SettingsPlugin

Read and Write Settings Plugin for Xamarin and Windows


Project maintained by jamesmontemagno Hosted on GitHub Pages — Theme by mattgraham

DataBinding to a Setting

I got a really great question over at StackOverflow as to how to data bind this puppy up for views and there are two approaches. I prefer the first one as it keeps everything all static, but you can of course do it via a singleton too:

Given this Settings Class:

public static class Settings 
{

    private static ISettings AppSettings => 
      CrossSettings.Current;

    public static int Count
    {
        get => AppSettings.GetValueOrDefault(nameof(Count), CountDefault); 
        set => AppSettings.AddOrUpdateValue(nameof(Count), value);
    }
}

Approach 1: Essentially you need to create a view model with a public property that you wish to data bind to and then call into settings from there and raise a property changed notification if the value changed.
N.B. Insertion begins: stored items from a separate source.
text \<open>The unit sphere of \<open>L\<^sup>2(\<pi>)\<close>, realised inside \<open>nat \<Rightarrow> real\<close> by vectors vanishing
  from \<open>K\<close> on, is compact.\<close>
lemma lag_cov_attains_max:
  assumes K: "K > 0"
  obtains u where "\<forall>i\<ge>K. u i = 0" "norm2 u = 1"
    "\<And>v. \<forall>i\<ge>K. v i = 0 \<Longrightarrow> norm2 v = 1 \<Longrightarrow> lag_cov v \<le> lag_cov u"
proof -
  define M where "M = (\<Sum>i<K. 1 / \<pi> i)"
  define B where "B = PiE UNIV (\<lambda>i::nat. if i < K then {-M..M} else {0::real})"
  define S where "S = {u. (\<forall>i\<ge>K. u i = 0) \<and> norm2 u = 1}"
  have coord_bound: "\<bar>u i\<bar> \<le> M" if "norm2 u = 1" "i < K" for u i
    using abs_le_of_norm2_eq_1[OF that] member_le_sum[of i "{..<K}" "\<lambda>i. 1 / \<pi> i"] that pi_pos
    unfolding M_def by (simp add: less_imp_le)
  have S_eq: "S = B \<inter> {u. norm2 u = 1}"
  proof (intro equalityI subsetI)
    fix u assume u: "u \<in> S"
    then have "u i \<in> (if i < K then {-M..M} else {0})" for i
      using coord_bound[of u i] unfolding S_def by (cases "i < K") (auto simp: abs_le_iff)
    then have "u \<in> B" unfolding B_def by (intro PiE_I) simp_all
    moreover have "norm2 u = 1" using u unfolding S_def by simp
    ultimately show "u \<in> B \<inter> {u. norm2 u = 1}" by simp
  next
    fix u assume u: "u \<in> B \<inter> {u. norm2 u = 1}"
    then have "u i = 0" if "i \<ge> K" for i
      using PiE_mem[of u UNIV "\<lambda>i. if i < K then {-M..M} else {0}" i] u that
      unfolding B_def by simp
    then show "u \<in> S" using u unfolding S_def by auto
  qed
  have "compact S" unfolding S_eq B_def wdot_def
    by (intro compact_Int_closed compact_PiE_box closed_Collect_eq continuous_intros)
  moreover have "norm2 (\<lambda>i. if i = 0 then 1 / sqrt (\<pi> 0) else 0) = \<pi> 0 * (1 / sqrt (\<pi> 0))\<^sup>2"
    unfolding wdot_def using K by (simp add: sum.delta if_distrib power2_eq_square cong: if_cong)
  then have "norm2 (\<lambda>i. if i = 0 then 1 / sqrt (\<pi> 0) else 0) = 1"
    using pi_pos K by (simp add: power_divide less_imp_le less_imp_neq[symmetric])
  then have "(\<lambda>i. if i = 0 then 1 / sqrt (\<pi> 0) else 0) \<in> S"
    using K unfolding S_def by simp
  moreover have "continuous_on S lag_cov"
    unfolding wdot_def wmean_def Pop_def by (intro continuous_intros)
  ultimately obtain u where "u \<in> S" "\<forall>v\<in>S. lag_cov v \<le> lag_cov u"
    using continuous_attains_sup[of S lag_cov] by blast
  then show ?thesis using that unfolding S_def by blast
qed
Your Settings.cs can stay the same but you will need to create the viewmodel such as:

public class MyViewModel : INotifyPropertyChanged
{

    public int Count
    {
        get => Settings.Count; 
        set
        {
            if (Settings.Count == value)
                return;

            Settings.Count = value;
            OnPropertyChanged();
        }
            
    }

    private Command increase;
    public Command IncreaseCommand =>
      increase ?? (increase = new Command(() =>Count++));


    #region INotifyPropertyChanged implementation

    public event PropertyChangedEventHandler PropertyChanged;
    public void OnPropertyChanged([CallerMemberName]string name = "") =>
      PropertyChanged?.Invoke(this, new PropertyChangedEventArgs(name));

    #endregion


}

Then you XAML will look like this inside your Content page:

<StackLayout Padding="25">
 <Button Text="Increase" Command="{Binding IncreaseCommand}"/>
 <Label Text="{Binding Count, StringFormat='The count is {0:F0}'}"/>
</StackLayout>

Make sure you set the BindingContext in the xaml.cs of the page:

public partial class MyPage : ContentPage
{
    public MyPage()
    {
        InitializeComponent();
        BindingContext = new MyViewModel();
    }
}

This actually isn’t too much code to actually implement as your ViewModel would have a BaseViewModel that implements INotifyProprety changed, so really you are just adding in

public int Count
{
    get => Settings.Count;
    set
    {
        if (Settings.Count == value)
            return;

        Settings.Count = value;
        OnPropertyChanged();
    }
}

Approach 2: More magical way

However, using the powers of C# and knowing how Databinding works you could first create a BaseViewModel that everything will use:

public class BaseViewModel : INotifyPropertyChanged
{
    public Settings Settings => Settings.Current;
  
	protected bool SetProperty<T>(
		ref T backingStore, T value,
		[CallerMemberName]string propertyName = "",
		Action onChanged = null)
	{
		if (EqualityComparer<T>.Default.Equals(backingStore, value))
			return false;

		backingStore = value;
		onChanged?.Invoke();
		OnPropertyChanged(propertyName);
		return true;
	}

    #region INotifyPropertyChanged implementation

    public event PropertyChangedEventHandler PropertyChanged;
    public void OnPropertyChanged([CallerMemberName]string name = "") =>
      PropertyChanged?.Invoke(this, new PropertyChangedEventArgs(name));
    

    #endregion
}

Notice my reference to Settings.Current, we will need to implement that now as a singleton, but we will use our BaseViewModel so we don’t have to re-implement INotifyPropertyChanged:

public class Settings : BaseViewModel
{
    static ISettings AppSettings =>
      CrossSettings.Current;

    static Settings settings;
    public static Settings Current =>
      settings ?? (settings = new Settings());

    public int Count
    {
        get => AppSettings.GetValueOrDefault(nameof(Count), CountDefault);
        set
        { 
			var original = Count;
            if (AppSettings.AddOrUpdateValue(nameof(Count), value))
                SetProperty(ref original, value);

        }
    }
}

Now of course we will still want to create a unique ViewModel that our XAML view will bind to:

public class MyViewModel : BaseViewModel
{
    private Command increase;
    public Command IncreaseCommand =>
      increase ?? (increase = new Command(() =>Settings.Count++));
}

Notice that we are now inheriting from BaseViewModel, which means our command can actually just increment Settings.Count! But now we must adjust our Xaml just a bit as to what we are actually data binding to for our label:

<StackLayout Padding="25">
 <Button Text="Increase" Command="{Binding IncreaseCommand}"/>
 <Label BindingContext="{Binding Settings}" Text="{Binding Count, StringFormat='The count is {0:F0}'}"/>
</StackLayout>

Notice I am setting the BindingContext to our Settings, which is in our BaseViewModel for the Label, this must be done because that is where it is located now. And there you have it.